Hera menghela napas panjang dan beralih ke arahnya. “Lo jangan gila, Mar!”
“Gila? Lo bilang gue gila?” Damar menggeleng-geleng tidak percaya, Hera bukannya mendukung justru tak setuju dengan rencana balas dendamnya. “Gue nggak ngerti jalan pikiran lo, Her! Ini masalah nyawa teman kita dan lo malah diam saja? Mana jiwa persahabatan kita? Lo bilang kita satu, kalau ada yang luka, luka semua. Ini saatnya kita buktikan janji itu. Kita serang mereka.”
“DAMAR! LO BISA DIAM NGGAK?” bentak Hera membuat Damar terdiam seketika. “Lo pikir gue nggak khawatir sama Deo? Bukan hanya lo, gue juga peduli ke dia. Tapi semua itu perlu dipertimbangkan matang-matang. Jangan asal main serang.”
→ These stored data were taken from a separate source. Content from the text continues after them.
(* Let $N\in\mathbb{C}^{m\times n}$ have rank $r$ and singular value decomposition $N=U\begin{pmatrix}\Sigma & 0\\ 0 & 0\end{pmatrix}V^{\ast}$, where $\Sigma\in\mathbb{C}^{r\times r}$ is diagonal with positive diagonal entries and $U\in\mathbb{C}^{m\times m}$, $V\in\mathbb{C}^{n\times n}$ are unitary. Let $X\in\mathbb{C}^{m\times m}$ and $Y\in\mathbb{C}^{n\times n}$ be nonsingular and let $M=XNY$. Assume that $X=U\begin{pmatrix}X_{1} & 0\\ X_{2} & X_{4}\end{pmatrix}U^{\ast}$ for some $X_{1}\in\mathbb{C}^{r\times r}$, $X_{2}\in\mathbb{C}^{(m-r)\times r}$, $X_{4}\in\mathbb{C}^{(m-r)\times(m-r)}$, and that $Y=V\begin{pmatrix}Y_{1} & Y_{3}\\ 0 & Y_{4}\end{pmatrix}V^{\ast}$ for some $Y_{1}\in\mathbb{C}^{r\times r}$, $Y_{3}\in\mathbb{C}^{r\times(n-r)}$, $Y_{4}\in\mathbb{C}^{(n-r)\times(n-r)}$. Then $$M^{\dagger}=(I+L^{\ast})(I+LL^{\ast})^{-1}N^{\dagger}N(Y^{-1}N^{\dagger}X^{-1})NN^{\dagger}(I+R^{\ast}R)^{-1}(I+R^{\ast}),$$ where $R=XE_{N}X^{-1}(E_{N}-I)$ and $L=(F_{N}-I)Y^{-1}F_{N}Y$.
   Context: For a complex matrix $A$, $A^{\ast}$ is its conjugate transpose and $A^{\dagger}$ its Moore--Penrose inverse. $E_{A}:=I-AA^{\dagger}$ and $F_{A}:=I-A^{\dagger}A$ (the orthogonal projectors onto $\mathcal{N}(A^{\ast})$ and $\mathcal{N}(A)$). $I$ denotes an identity matrix of the appropriate size. *)

theory Defs
  imports "Jordan_Normal_Form.Schur_Decomposition" "Jordan_Normal_Form.DL_Rank"
begin

definition minv :: "complex mat \<Rightarrow> complex mat" where
  "minv A = (THE B. B \<in> carrier_mat (dim_row A) (dim_row A) \<and>
              A * B = 1\<^sub>m (dim_row A) \<and> B * A = 1\<^sub>m (dim_row A))"

definition mp_pinv :: "complex mat \<Rightarrow> complex mat" where
  "mp_pinv A = (THE G. G \<in> carrier_mat (dim_col A) (dim_row A) \<and>
      A * G * A = A \<and> G * A * G = G \<and>
      mat_adjoint (A * G) = A * G \<and> mat_adjoint (G * A) = G * A)"

definition E_proj :: "complex mat \<Rightarrow> complex mat" where
  "E_proj A = 1\<^sub>m (dim_row A) - A * mp_pinv A"

definition F_proj :: "complex mat \<Rightarrow> complex mat" where
  "F_proj A = 1\<^sub>m (dim_col A) - mp_pinv A * A"

definition unitary_mat :: "complex mat \<Rightarrow> bool" where
  "unitary_mat U \<longleftrightarrow> (\<exists>k. U \<in> carrier_mat k k \<and>
     U * mat_adjoint U = 1\<^sub>m k \<and> mat_adjoint U * U = 1\<^sub>m k)"

end

(*
  Conjugation by the unitary factors U and V of the singular value decomposition commutes with
  every ingredient of the formula (Moore-Penrose inverse, the projectors E_N and F_N, inverses and
  adjoints), so it suffices to prove it for N = [Sigma 0; 0 0], X = [X1 0; X2 X4] and
  Y = [Y1 Y3; 0 Y4]. There R = [0 0; K 0] and L = [0 J; 0 0] with K = X2 X1^-1 and J = Y1^-1 Y3,
  and the right-hand side collapses to C (C* C)^-1 W^-1 (B* B)^-1 B* with B = [I; K], C = [I; J*]
  and W = X1 Sigma Y1. As X N Y = B W C* is a full rank factorization, this is exactly its
  Moore-Penrose inverse.
*)

theory Submission
  imports Defs
begin

section \<open>Adjoints, inverses and the Penrose equations\<close>

abbreviation adj :: "complex mat \<Rightarrow> complex mat" where
  "adj A \<equiv> mat_adjoint A"

lemma adj_dim [simp]: "dim_row (adj A) = dim_col A" "dim_col (adj A) = dim_row A"
  unfolding mat_adjoint_def by auto

lemma index_adj [simp]:
  "i < dim_col A \<Longrightarrow> j < dim_row A \<Longrightarrow> adj A $$ (i, j) = cnj (A $$ (j, i))"
  unfolding mat_adjoint_def by (auto simp: mat_of_rows_def)

lemma adj_carrier_mat [simp]: "A \<in> carrier_mat m n \<Longrightarrow> adj A \<in> carrier_mat n m"
  unfolding carrier_mat_def by auto

lemma adj_adj [simp]: "adj (adj A) = A"
  by (rule eq_matI) auto

lemma adj_one_mat [simp]: "adj (1\<^sub>m n) = 1\<^sub>m n"
  by (rule eq_matI) auto

lemma adj_zero_mat [simp]: "adj (0\<^sub>m m n) = 0\<^sub>m n m"
  by (rule eq_matI) auto

lemma adj_mult: "dim_col A = dim_row B \<Longrightarrow> adj (A * B) = adj B * adj A"
  by (rule eq_matI) (auto simp: scalar_prod_def cnj_sum mult.commute intro!: sum.cong)

lemma adj_four_block_mat [simp]:
  assumes "dim_row B = dim_row A" "dim_col C = dim_col A" "dim_row D = dim_row C" "dim_col D = dim_col B"
  shows "adj (four_block_mat A B C D) = four_block_mat (adj A) (adj C) (adj B) (adj D)"
  by (rule eq_matI) (use assms in auto)

lemma mult_assoc_dim: "dim_col A = dim_row B \<Longrightarrow> dim_col B = dim_row C \<Longrightarrow> A * B * C = A * (B * C)"
  by (rule assoc_mult_mat[of _ "dim_row A" "dim_col A" _ "dim_col B" _ "dim_col C"]) auto

lemma left_mult_one_mat' [simp]: "dim_row (A :: complex mat) = n \<Longrightarrow> 1\<^sub>m n * A = A"
  by (metis carrier_mat_triv left_mult_one_mat)

lemma right_mult_one_mat' [simp]: "dim_col (A :: complex mat) = n \<Longrightarrow> A * 1\<^sub>m n = A"
  by (metis carrier_mat_triv right_mult_one_mat)

lemma adj_mult_self_hermitian: "adj (adj A * A) = adj A * A" "adj (A * adj A) = A * adj A"
  by (simp_all add: adj_mult)

definition penrose :: "complex mat \<Rightarrow> complex mat \<Rightarrow> bool" where
  "penrose A G \<longleftrightarrow> A * G * A = A \<and> G * A * G = G \<and> adj (A * G) = A * G \<and> adj (G * A) = G * A"

lemma minv_eqI:
  assumes A: "A \<in> carrier_mat n n" and B: "B \<in> carrier_mat n n"
    and AB: "A * B = 1\<^sub>m n" and BA: "B * A = 1\<^sub>m n"
  shows "minv A = B"
  unfolding minv_def
proof (rule the_equality)
  fix B' assume "B' \<in> carrier_mat (dim_row A) (dim_row A) \<and> A * B' = 1\<^sub>m (dim_row A) \<and> B' * A = 1\<^sub>m (dim_row A)"
  hence B': "B' \<in> carrier_mat n n" "B' * A = 1\<^sub>m n" using A by auto
  have "B' = B' * (A * B)" using AB B' by simp
  also have "\<dots> = (B' * A) * B" using A B B'(1) by (simp add: mult_assoc_dim)
  also have "\<dots> = B" using B' B by simp
  finally show "B' = B" .
qed (use A B AB BA in auto)

lemma mp_pinv_eqI:
  assumes A: "A \<in> carrier_mat m n" and G: "G \<in> carrier_mat n m" and P: "penrose A G"
  shows "mp_pinv A = G"
  unfolding mp_pinv_def
proof (rule the_equality)
  fix H assume "H \<in> carrier_mat (dim_col A) (dim_row A) \<and> A * H * A = A \<and> H * A * H = H \<and>
      adj (A * H) = A * H \<and> adj (H * A) = H * A"
  hence H: "H \<in> carrier_mat n m" and h1: "A * H * A = A" and h2: "H * A * H = H"
    and h3: "adj (A * H) = A * H" and h4: "adj (H * A) = H * A" using A by auto
  from P have g1: "A * G * A = A" and g2: "G * A * G = G"
    and g3: "adj (A * G) = A * G" and g4: "adj (G * A) = G * A" unfolding penrose_def by auto
  note dims = carrier_matD[OF A] carrier_matD[OF G] carrier_matD[OF H]
  have "adj A = adj (A * G * A)" using g1 by simp
  also have "\<dots> = adj A * adj (A * G)" using dims by (simp add: adj_mult)
  finally have adjA_AG: "adj A = adj A * (A * G)" using g3 by simp
  have "adj A = adj (A * (H * A))" using h1 dims by (simp add: mult_assoc_dim)
  also have "\<dots> = adj (H * A) * adj A" using dims by (simp add: adj_mult)
  finally have adjA_HA: "adj A = (H * A) * adj A" using h4 by simp
  have "H = H * adj (A * H)" using h2 h3 dims by (simp add: mult_assoc_dim)
  also have "\<dots> = H * adj H * (adj A * (A * G))" using adjA_AG dims by (simp add: adj_mult mult_assoc_dim)
  also have "\<dots> = H * (adj (A * H) * (A * G))" using dims by (simp add: adj_mult mult_assoc_dim)
  also have "\<dots> = (H * A * H) * A * G" using h3 dims by (simp add: mult_assoc_dim)
  finally have H_eq: "H = H * A * G" using h2 by simp
  have "G = adj (G * A) * G" using g2 g4 by simp
  also have "\<dots> = (H * A) * adj A * adj G * G" using adjA_HA dims by (simp add: adj_mult)
  also have "\<dots> = H * A * (adj (G * A) * G)" using dims by (simp add: adj_mult mult_assoc_dim)
  finally have G_eq: "G = H * A * G" using g2 g4 by simp
  show "H = G" using H_eq G_eq by simp
qed (use A G P in \<open>auto simp: penrose_def\<close>)

lemma invertible_mat_det_neq_0:
  assumes A: "A \<in> carrier_mat n n" and inv: "invertible_mat (A :: complex mat)"
  shows "det A \<noteq> 0"
proof -
  from inv A obtain B where AB: "A * B = 1\<^sub>m n" and BA: "B * A = 1\<^sub>m (dim_row B)"
    unfolding invertible_mat_def inverts_mat_def by auto
  have B: "B \<in> carrier_mat n n"
    using arg_cong[OF AB, of dim_col] arg_cong[OF BA, of dim_col] A by auto
  have "det A * det B = 1" using det_mult[OF A B] AB by simp
  thus ?thesis by auto
qed

lemma minv_inverse:
  assumes A: "A \<in> carrier_mat n n" and det: "det A \<noteq> 0"
  shows "minv A \<in> carrier_mat n n" "A * minv A = 1\<^sub>m n" "minv A * A = 1\<^sub>m n"
proof -
  obtain B where "B \<in> carrier_mat n n" "A * B = 1\<^sub>m n" "B * A = 1\<^sub>m n"
    using det_non_zero_imp_unit[OF A det, of "()"] unfolding Units_def ring_mat_def by auto
  with minv_eqI[OF A] show "minv A \<in> carrier_mat n n" "A * minv A = 1\<^sub>m n" "minv A * A = 1\<^sub>m n"
    by auto
qed

lemma minv_cancel:
  assumes "A \<in> carrier_mat n n" "det A \<noteq> 0" "dim_row Z = n"
  shows "A * (minv A * Z) = Z" "minv A * (A * Z) = Z"
  using minv_inverse[OF assms(1,2)] assms
  by (simp_all add: mult_assoc_dim[symmetric])

lemma adj_minv_hermitian:
  assumes A: "A \<in> carrier_mat n n" "det A \<noteq> 0" and herm: "adj A = A"
  shows "adj (minv A) = minv A"
proof -
  note inv = minv_inverse[OF A]
  have "adj (minv A) * A = 1\<^sub>m n"
    using arg_cong[OF inv(2), of adj] herm inv(1) A by (simp add: adj_mult)
  have "adj (minv A) = adj (minv A) * (A * minv A)" using inv by simp
  also have "\<dots> = minv A"
    using mult_assoc_dim[of "adj (minv A)" A "minv A"] \<open>adj (minv A) * A = 1\<^sub>m n\<close> inv A
    by (simp add: carrier_matD)
  finally show ?thesis .
qed

lemma cscalar_prod_adj_mult_mat_vec:
  assumes v: "v \<in> carrier_vec q" and K: "K \<in> carrier_mat p q" and w: "w \<in> carrier_vec p"
  shows "v \<bullet>c (adj K *\<^sub>v w) = (K *\<^sub>v v) \<bullet>c w"
proof -
  have "v \<bullet>c (adj K *\<^sub>v w) = (\<Sum>i<q. v $ i * (\<Sum>j<p. K $$ (j,i) * cnj (w $ j)))"
    using v K w by (simp add: scalar_prod_def mult_mat_vec_def cnj_sum lessThan_atLeast0 mult.commute)
  also have "\<dots> = (\<Sum>j<p. (\<Sum>i<q. K $$ (j,i) * v $ i) * cnj (w $ j))"
    by (simp add: sum_distrib_left sum_distrib_right mult_ac sum.swap[of _ "{..<q}"])
  also have "\<dots> = (K *\<^sub>v v) \<bullet>c w"
    using v K w by (simp add: scalar_prod_def mult_mat_vec_def lessThan_atLeast0)
  finally show ?thesis .
qed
“Apa lagi yang perlu dipertimbangkan? Semuanya sudah jelas,” kata Damar dengan nada tak kalah tinggi.
Karena tahu apa yang mereka lakukan bisa mengganggu pasien lainnya, Leo pun akhirnya bertindak.
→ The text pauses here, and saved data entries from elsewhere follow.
lemma b2_measure_Un:
  assumes m: "is_b2_measure \<mu>" and "bounded A" "bounded B" "A \<inter> B = {}"
  shows "\<mu> (A \<union> B) = \<mu> A + \<mu> B"
proof -
  define S where "S i = (if i = 0 then A else if i = 1 then B else {})" for i :: nat
  have S_Un: "(\<Union>i. S i) = A \<union> B"
    unfolding S_def by (auto split: if_splits)
  have "disjoint_family S"
    using assms(4) unfolding S_def disjoint_family_on_def by auto
  moreover have "\<forall>i. bounded (S i)"
    using assms unfolding S_def by auto
  moreover have "bounded (\<Union>i. S i)"
    unfolding S_Un using assms(2,3) by simp
  ultimately have "\<mu> (\<Union>i. S i) = of_nat (card {i. \<mu> (S i) = 1})"
    using m unfolding is_b2_measure_def by blast
  moreover have "{i. \<mu> (S i) = 1} = (if \<mu> A = 1 then {0} else {}) \<union> (if \<mu> B = 1 then {1} else {})"
    using b2_measure_empty[OF m] unfolding S_def by (auto split: if_splits)
  ultimately show ?thesis
    unfolding S_Un by (cases "\<mu> A = 1"; cases "\<mu> B = 1") simp_all
qed

lemma b2_measure_finite:
  assumes "is_b2_measure \<mu>" "finite F"
  shows "\<mu> F = (\<Sum>x\<in>F. \<mu> {x})"
  using assms(2)
proof (induction F rule: finite_induct)
  case empty
  show ?case
    using b2_measure_empty[OF assms(1)] by simp
next
  case (insert x F)
  have "\<mu> ({x} \<union> F) = \<mu> {x} + \<mu> F"
    using insert.hyps by (intro b2_measure_Un[OF assms(1)]) (auto intro: finite_imp_bounded)
  then show ?case
    using insert by simp
qed

lemma derivable_atE:
  assumes "derivable_at \<mu> x"
  obtains \<epsilon> where "\<epsilon> > 0" "\<And>B. bounded B \<Longrightarrow> x \<in> B \<Longrightarrow> diameter B < \<epsilon> \<Longrightarrow> \<mu> B = \<mu> {x}"
proof -
  obtain \<epsilon> a where \<epsilon>: "\<epsilon> > 0" "\<forall>B. bounded B \<and> x \<in> B \<and> diameter B < \<epsilon> \<longrightarrow> \<mu> B = a"
    using assms unfolding derivable_at_def by blast
  then have "\<mu> {x} = a"
    by simp
  with \<epsilon> show ?thesis
    using that by blast
qed

lemma dmu_eq_singleton:
  assumes "derivable_at \<mu> x"
  shows "dmu \<mu> x = \<mu> {x}"
proof -
  obtain \<epsilon> where \<epsilon>: "\<epsilon> > 0" "\<And>B. bounded B \<Longrightarrow> x \<in> B \<Longrightarrow> diameter B < \<epsilon> \<Longrightarrow> \<mu> B = \<mu> {x}"
    using derivable_atE[OF assms] by blast
  show ?thesis
    unfolding dmu_def
  proof (rule the_equality)
    show "\<exists>\<epsilon>>0. \<forall>B. bounded B \<and> x \<in> B \<and> diameter B < \<epsilon> \<longrightarrow> \<mu> B = \<mu> {x}"
      using \<epsilon> by blast
  next
    fix b
    assume "\<exists>\<epsilon>>0. \<forall>B. bounded B \<and> x \<in> B \<and> diameter B < \<epsilon> \<longrightarrow> \<mu> B = b"
    then show "b = \<mu> {x}"
      by force
  qed
qed

lemma derivable_at_punctured_vanish:
  assumes m: "is_b2_measure \<mu>" and "derivable_at \<mu> x"
  shows "\<exists>\<epsilon>>0. \<forall>B. bounded B \<and> x \<in> B \<and> diameter B < \<epsilon> \<longrightarrow> \<mu> (B - {x}) = 0"
proof -
  obtain \<epsilon> where \<epsilon>: "\<epsilon> > 0" "\<And>B. bounded B \<Longrightarrow> x \<in> B \<Longrightarrow> diameter B < \<epsilon> \<Longrightarrow> \<mu> B = \<mu> {x}"
    using derivable_atE[OF assms(2)] by blast
  have "\<mu> (B - {x}) = 0" if B: "bounded B" "x \<in> B" "diameter B < \<epsilon>" for B
  proof -
    have "\<mu> {x} = \<mu> ({x} \<union> (B - {x}))"
      using \<epsilon>(2)[OF B] B(2) by (simp add: insert_absorb)
    also have "\<dots> = \<mu> {x} + \<mu> (B - {x})"
      using B(1) by (intro b2_measure_Un[OF m]) (auto intro: bounded_subset)
    finally show ?thesis
      by (metis add_cancel_right_right)
  qed
  with \<epsilon>(1) show ?thesis
    by blast
qed

definition purely_atomic_on :: "('a set \<Rightarrow> bit) \<Rightarrow> 'a set \<Rightarrow> bool" where
  "purely_atomic_on \<mu> S \<longleftrightarrow>
     (\<forall>D\<subseteq>S. b2_summable (\<lambda>x. \<mu> {x}) D \<and> \<mu> D = b2_sum (\<lambda>x. \<mu> {x}) D)"

lemma purely_atomic_on_subset:
  "purely_atomic_on \<mu> T \<Longrightarrow> S \<subseteq> T \<Longrightarrow> purely_atomic_on \<mu> S"
  unfolding purely_atomic_on_def by blast

lemma purely_atomic_on_empty:
  "is_b2_measure \<mu> \<Longrightarrow> purely_atomic_on \<mu> {}"
  by (simp add: purely_atomic_on_def b2_summable_def b2_sum_def b2_measure_empty)

lemma purely_atomic_on_Un:
  assumes m: "is_b2_measure \<mu>" and bounded: "bounded S" "bounded T"
    and S: "purely_atomic_on \<mu> S" and T: "purely_atomic_on \<mu> T"
  shows "purely_atomic_on \<mu> (S \<union> T)"
  unfolding purely_atomic_on_def
proof (intro allI impI)
  fix D
  assume D: "D \<subseteq> S \<union> T"
  define f where "f = (\<lambda>x. \<mu> {x})"
  have disj: "(D \<inter> S) \<inter> (D - S) = {}"
    by blast
  have DS: "b2_summable f (D \<inter> S)" "\<mu> (D \<inter> S) = b2_sum f (D \<inter> S)"
    using S unfolding purely_atomic_on_def f_def by blast+
  have "D - S \<subseteq> T"
    using D by blast
  then have DT: "b2_summable f (D - S)" "\<mu> (D - S) = b2_sum f (D - S)"
    using T unfolding purely_atomic_on_def f_def by blast+
  have "\<mu> D = \<mu> ((D \<inter> S) \<union> (D - S))"
    by (simp add: Int_Diff_Un)
  also have "\<dots> = \<mu> (D \<inter> S) + \<mu> (D - S)"
    using bounded \<open>D - S \<subseteq> T\<close> disj
    by (intro b2_measure_Un[OF m]) (auto intro: bounded_subset)
  also have "\<dots> = b2_sum f D"
    using b2_sum_Un_disjoint(2)[OF DS(1) DT(1) disj] DS(2) DT(2) by (simp add: Int_Diff_Un)
  finally show "b2_summable (\<lambda>x. \<mu> {x}) D \<and> \<mu> D = b2_sum (\<lambda>x. \<mu> {x}) D"
    using b2_sum_Un_disjoint(1)[OF DS(1) DT(1) disj] by (simp add: Int_Diff_Un f_def)
qed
“Kalian sadar nggak ini di mana? Ini rumah sakit, banyak orang dirawat, sekarat dan dalam kondisi darurat. Apa yang kalian lakukan ini bisa mengganggu kenyamanan mereka, termasuk juga Deo. Jadi tolong tenang sedikit.”
“Tapi....”
“Mar, kalau lo masih mau marah-marah jangan di sini. Ikut gue. Kita cari tempat lain.” Leo menarik kawannya yang tentu saja memberontak, tetapi tak bisa menolak, sebelum sekuriti datang dan membuat ketiganya terdepak.
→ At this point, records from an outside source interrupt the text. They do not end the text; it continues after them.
text \<open>For Delta = Delta(G^j_{n,m}) the infimum in the definition of the weight is attained
  at the weighted norm, provided the sign constraint holds (otherwise the weight is infinite).\<close>
lemma has_weight_newtonG_iff:
  assumes m: "\<forall>i. 1 \<le> i \<and> i \<le> n \<longrightarrow> m i \<ge> 1" and u: "u \<in> lattice n"
  shows "has_weight (newtonG n m j) (\<lambda>k. real_of_int (u k)) w \<longleftrightarrow>
     nonneg_beyond j n u \<and> lattice_weight n m u = w"
proof -
  have supp: "supported n (\<lambda>k. real_of_int (u k))" using u by (simp add: lattice_def supported_def)
  have signs: "nonneg_beyond j n (\<lambda>k. real_of_int (u k)) \<longleftrightarrow> nonneg_beyond j n u"
    by (simp add: nonneg_beyond_def)
  have scaled: "(\<lambda>k. real_of_int (u k)) \<in> scaleset (of_rat c) (newtonG n m j) \<longleftrightarrow>
     nonneg_beyond j n u \<and> lattice_weight n m u \<le> c" if "c \<ge> 0" for c
    using scaled_newtonG_iff[OF m _ supp, of "of_rat c" j] that
    by (simp add: signs zero_le_of_rat_iff of_rat_less_eq flip: lattice_weight_real)
  show ?thesis
    unfolding has_weight_def using scaled lattice_weight_nonneg
    by (meson order.antisym order.refl order.trans)
qed

definition shell :: "nat \<Rightarrow> (nat \<Rightarrow> nat) \<Rightarrow> nat \<Rightarrow> rat \<Rightarrow> (nat \<Rightarrow> int) set" where
  "shell n m j w = {u \<in> lattice n. nonneg_beyond j n u \<and> lattice_weight n m u = w}"

lemma Ncount_eq_card_shell:
  assumes m: "\<forall>i. 1 \<le> i \<and> i \<le> n \<longrightarrow> m i \<ge> 1"
  shows "Ncount n (newtonG n m j) w = card (shell n m j w)"
  unfolding Ncount_def shell_def using has_weight_newtonG_iff[OF m] by (metis (lifting))

text \<open>Shells are finite: each coordinate is bounded by w * sum_i m_i.\<close>
lemma finite_shell:
  assumes m: "\<forall>i. 1 \<le> i \<and> i \<le> n \<longrightarrow> m i \<ge> 1"
  shows "finite (shell n m j w)"
proof -
  define B where "B = \<lceil>w * of_nat (\<Sum>i=1..n. m i)\<rceil>"
  define ext where "ext f = (\<lambda>k. if k \<in> {1..n} then f k else (0::int))" for f :: "nat \<Rightarrow> int"
  have "shell n m j w \<subseteq> ext ` (PiE {1..n} (\<lambda>_. {-B..B}))"
  proof
    fix u assume u: "u \<in> shell n m j w"
    have bound: "\<bar>u i\<bar> \<le> B" if i: "i \<in> {1..n}" for i
    proof -
      have "of_int \<bar>u i\<bar> / of_nat (m i) \<le> lattice_weight n m u"
        unfolding lattice_weight_def by (rule member_le_sum) (use i in auto)
      moreover have "(0::rat) < of_nat (m i)" using m i by auto
      ultimately have "(of_int \<bar>u i\<bar> :: rat) \<le> w * of_nat (m i)"
        using u by (simp add: shell_def pos_divide_le_eq)
      also have "\<dots> \<le> w * of_nat (\<Sum>i=1..n. m i)"
      proof (rule mult_left_mono)
        show "(of_nat (m i) :: rat) \<le> of_nat (\<Sum>i=1..n. m i)"
          using i by (subst of_nat_le_iff) (rule member_le_sum, auto)
        show "0 \<le> w" using u lattice_weight_nonneg[of n m u] by (simp add: shell_def)
      qed
      finally show ?thesis unfolding B_def by (meson le_of_int_ceiling order_trans of_int_le_iff)
    qed
    have "u = ext (restrict u {1..n})"
    proof
      fix k
      have "k < 1 \<or> n < k \<longrightarrow> u k = 0" using u by (simp add: shell_def lattice_def)
      then show "u k = ext (restrict u {1..n}) k" by (cases "k = 0") (auto simp: ext_def)
    qed
    moreover have "restrict u {1..n} \<in> PiE {1..n} (\<lambda>_. {-B..B})"
      using bound by (force simp: abs_le_iff)
    ultimately show "u \<in> ext ` (PiE {1..n} (\<lambda>_. {-B..B}))" by blast
  qed
  moreover have "finite (ext ` (PiE {1..n} (\<lambda>_. {-B..B})))"
    by (intro finite_imageI finite_PiE) auto
  ultimately show ?thesis by (rule finite_subset)
qed

section \<open>Deleting a coordinate\<close>

text \<open>skip j enumerates the indices other than j: 1..n-1 is mapped onto {1..n} - {j}.\<close>
definition skip :: "nat \<Rightarrow> nat \<Rightarrow> nat" where
  "skip j i = (if i < j then i else Suc i)"

definition insert_zero :: "nat \<Rightarrow> (nat \<Rightarrow> int) \<Rightarrow> nat \<Rightarrow> int" where
  "insert_zero j v = (\<lambda>k. if k < j then v k else if k = j then 0 else v (k - 1))"

lemma insert_zero_skip: "insert_zero j v \<circ> skip j = v"
  by (auto simp: insert_zero_def skip_def)

lemma skip_insert_zero: "u j = 0 \<Longrightarrow> insert_zero j (u \<circ> skip j) = u"
  by (auto simp: insert_zero_def skip_def fun_eq_iff)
Sementara Hera yang sejak tadi menahan diri, akhirnya duduk di kursi bangsal rumah sakit yang sepi. Kamar Anggrek nomor dua belas yang pintunya di sebelah kanannya ini adalah ruang perawatan Deo Pradana, sahabatnya yang tengah tergolek tak berdaya. Hera menopang wajah kusamnya menggunakan kedua tangan. Memikirkan segala kemungkinan yang bisa kelompok mereka lakukan demi pembalasan dendam secara teratur dan tak memalukan. Sebab Hera sadar, jika mereka gegabah bukannya menyelesaikan masalah justru memperkeruh keadaan.
“Hai.”
Hera mengangkat kepalanya ketika mendengar suara seseorang di dekatnya. Wajahnya agak kaget ketika melihat si Korban Penculikan berdiri di sebelahnya. Namun, dia diam saja tanpa berniat menjawabnya.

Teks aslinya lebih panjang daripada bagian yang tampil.